→ **ACTION ITEM**: Which lines of the data contain the string "where"? Copy every one of them.

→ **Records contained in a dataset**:
lemma rank_mult_le_left:
  assumes A: "A \<in> carrier_mat n nc" and B: "B \<in> carrier_mat nc k"
  shows "rank (A * B) \<le> rank A"
proof -
  define W where "W = span (set (cols A))"
  have AB: "A * B \<in> carrier_mat n k" using A B by simp
  have W: "VectorSpace.subspace class_ring W V"
    unfolding W_def using A by (metis carrier_matD(1) cols_dim span_is_subspace)
  have "set (cols (A * B)) \<subseteq> W"
  proof
    fix x assume "x \<in> set (cols (A * B))"
    then obtain i where i: "i < k" "x = col (A * B) i"
      using AB by (metis cols_length cols_nth in_set_conv_nth carrier_matD(2))
    then have "x = A *\<^sub>v col B i" by (simp only: col_mult2[OF A B i(1)])
    then show "x \<in> W"
      using col_space_eq[OF A] A B i(1) unfolding W_def col_space_def by auto
  qed
  then have "span (set (cols (A * B))) \<subseteq> W"
    using W by (simp add: span_is_subset)
  moreover have "VectorSpace.subspace class_ring (span (set (cols (A * B)))) V"
    using AB by (metis carrier_matD(1) cols_dim span_is_subspace)
  ultimately have sub: "VectorSpace.subspace class_ring (span (set (cols (A * B)))) (vs W)"
    using nested_subspaces[OF W] by blast
  have "vectorspace.fin_dim class_ring (vs W)"
    unfolding W_def using fin_dim_span_cols[OF A] .
  then show ?thesis
    unfolding rank_def using vectorspace.subspace_dim[OF subspace_is_vs[OF W] sub]
      fin_dim_span_cols[OF AB] W_def by auto
qed

lemma rank_eq_nc_if_inj:
  assumes K: "K \<in> carrier_mat n k"
    and inj: "\<And>v. v \<in> carrier_vec k \<Longrightarrow> K *\<^sub>v v = 0\<^sub>v n \<Longrightarrow> v = 0\<^sub>v k"
  shows "rank K = k"
proof -
  have dist: "distinct (cols K)"
  proof (rule ccontr)
    assume "\<not> distinct (cols K)"
    then obtain a b where ab: "a \<noteq> b" "a < k" "b < k" "col K a = col K b"
      using K by (auto simp: distinct_conv_nth)
    have "K *\<^sub>v unit_vec k c = col K c" if "c < k" for c
      using K that by (intro eq_vecI) auto
    then have "K *\<^sub>v (unit_vec k a - unit_vec k b) = 0\<^sub>v n"
      using K ab by (auto simp: mult_minus_distrib_mat_vec)
    then have "unit_vec k a - unit_vec k b = (0\<^sub>v k :: 'a vec)"
      by (intro inj) auto
    then have "(unit_vec k a - unit_vec k b) $ a = (0\<^sub>v k :: 'a vec) $ a"
      by simp
    then show False
      using ab by simp
  qed
  have "lin_indpt (set (cols K))"
  proof
    assume "lin_dep (set (cols K))"
    then obtain v where "v \<in> carrier_vec k" "v \<noteq> 0\<^sub>v k" "K *\<^sub>v v = 0\<^sub>v n"
      using lin_depE[OF K _ dist] by blast
    then show False using inj by blast
  qed
  then show ?thesis using lin_indpt_full_rank[OF K dist] by blast
qed

end

lemma row_diagonal_mult:
  fixes D V :: "'a :: comm_ring_1 mat"
  assumes D: "D \<in> carrier_mat n m" "diagonal_mat D" and V: "V \<in> carrier_mat m k" and i: "i < n"
  shows "row (D * V) i = (if i < m then D $$ (i,i) \<cdot>\<^sub>v row V i else 0\<^sub>v k)"
proof (rule eq_vecI)
  fix j assume "j < dim_vec (if i < m then D $$ (i,i) \<cdot>\<^sub>v row V i else 0\<^sub>v k)"
  then have j: "j < k" using V by (simp split: if_splits)
  have "row (D * V) i $ j = (\<Sum>c<m. D $$ (i,c) * V $$ (c,j))"
    using D V i j by (simp add: scalar_prod_def atLeast0LessThan)
  also have "\<dots> = (\<Sum>c<m. if c = i then D $$ (i,i) * V $$ (i,j) else 0)"
    using D i by (intro sum.cong) (auto simp: diagonal_mat_def)
  finally show "row (D * V) i $ j = (if i < m then D $$ (i,i) \<cdot>\<^sub>v row V i else 0\<^sub>v k) $ j"
    using V j by simp
qed (use V in simp)

lemma submatrix_prefix:
  assumes A: "A \<in> carrier_mat n m" and "r \<le> n" "s \<le> m"
  shows "submatrix A {0..<r} {0..<s} = mat r s (\<lambda>(i,j). A $$ (i,j))"
proof -
  have pick: "pick {0..<r} i = i" if "i < r" for i r
  proof -
    have "{a \<in> {0..<r}. a < i} = {0..<i}" using that by auto
    then show ?thesis using pick_card_in_set[of i "{0..<r}"] that by simp
  qed
  have "{i. i < n \<and> i \<in> {0..<r}} = {0..<r}" "{j. j < m \<and> j \<in> {0..<s}} = {0..<s}"
    using assms by auto
  then show ?thesis
    using A unfolding submatrix_def by (intro eq_matI) (auto simp: pick)
qed

lemma truncated_svd_factor:
  fixes Sig V :: "real mat"
  assumes Sig: "Sig \<in> carrier_mat Ny M" "diagonal_mat Sig" and V: "V \<in> carrier_mat M M"
    and r: "r \<le> Ny" "r \<le> M"
  shows "submatrix Sig {0..<r} {0..<r} * submatrix V {0..<r} {0..<M} \<in> carrier_mat r M"
    and "k < r \<Longrightarrow> row (submatrix Sig {0..<r} {0..<r} * submatrix V {0..<r} {0..<M}) k = row (Sig * V) k"
proof -
  let ?Sr = "mat r r (\<lambda>(i,j). Sig $$ (i,j))" and ?Vr = "mat r M (\<lambda>(i,j). V $$ (i,j))"
  have sub: "submatrix Sig {0..<r} {0..<r} = ?Sr" "submatrix V {0..<r} {0..<M} = ?Vr"
    using submatrix_prefix[OF Sig(1) r] submatrix_prefix[OF V r(2) order_refl] by auto
  then show "submatrix Sig {0..<r} {0..<r} * submatrix V {0..<r} {0..<M} \<in> carrier_mat r M"
    by (auto intro!: mult_carrier_mat)
  assume k: "k < r"
  have "diagonal_mat ?Sr" using Sig r by (auto simp: diagonal_mat_def)
  then have "row (?Sr * ?Vr) k = Sig $$ (k,k) \<cdot>\<^sub>v row ?Vr k"
    using row_diagonal_mult[of ?Sr r r ?Vr M k] k by simp
  also have "\<dots> = row (Sig * V) k"
    using row_diagonal_mult[OF Sig V] k r V by (auto intro!: eq_vecI)
  finally show "row (submatrix Sig {0..<r} {0..<r} * submatrix V {0..<r} {0..<M}) k = row (Sig * V) k"
    unfolding sub .
qed

lemma row_diagonal_mult_orthogonal_norm:
  fixes Sig V :: "real mat"
  assumes Sig: "Sig \<in> carrier_mat n m" "diagonal_mat Sig"
    and V: "V \<in> carrier_mat m m" "V * transpose_mat V = 1\<^sub>m m" and k: "k < n"
  shows "row (Sig * V) k \<bullet> row (Sig * V) k = (if k < m then (Sig $$ (k,k))\<^sup>2 else 0)"
proof (cases "k < m")
  case True
  have "row V k \<bullet> row V k = (V * transpose_mat V) $$ (k,k)" using V(1) True by simp
  then have "row V k \<bullet> row V k = 1" using V(2) True by simp
  then show ?thesis
    using row_diagonal_mult[OF Sig V(1) k] True V(1) by (simp add: power2_eq_square)
qed (use row_diagonal_mult[OF Sig V(1) k] in simp)

lemma orthogonal_mult_transpose_cols:
  fixes V :: "real mat"
  assumes V: "V \<in> carrier_mat m m" "V * transpose_mat V = 1\<^sub>m m" and j: "j \<le> m"
  shows "V * mat m j (\<lambda>(a,l). V $$ (l,a)) = mat m j (\<lambda>(c,l). if c = l then 1 else 0)"
proof (rule eq_matI)
  fix c l assume "c < dim_row (mat m j (\<lambda>(c,l). if c = l then 1 else (0::real)))"
    "l < dim_col (mat m j (\<lambda>(c,l). if c = l then 1 else (0::real)))"
  then have cl: "c < m" "l < j" by auto
  then have "(V * mat m j (\<lambda>(a,l). V $$ (l,a))) $$ (c,l) = (V * transpose_mat V) $$ (c,l)"
    using V(1) j by (simp add: scalar_prod_def)
  then show "(V * mat m j (\<lambda>(a,l). V $$ (l,a))) $$ (c,l)
      = mat m j (\<lambda>(c,l). if c = l then 1 else 0) $$ (c,l)"
    using V(2) cl j by simp
qed (use V in auto)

→ **TASK RESPONSE**:
  define W where "W = span (set (cols A))"
    then obtain i where i: "i < k" "x = col (A * B) i"
    then obtain a b where ab: "a \<noteq> b" "a < k" "b < k" "col K a = col K b"
    then obtain v where "v \<in> carrier_vec k" "v \<noteq> 0\<^sub>v k" "K *\<^sub>v v = 0\<^sub>v n"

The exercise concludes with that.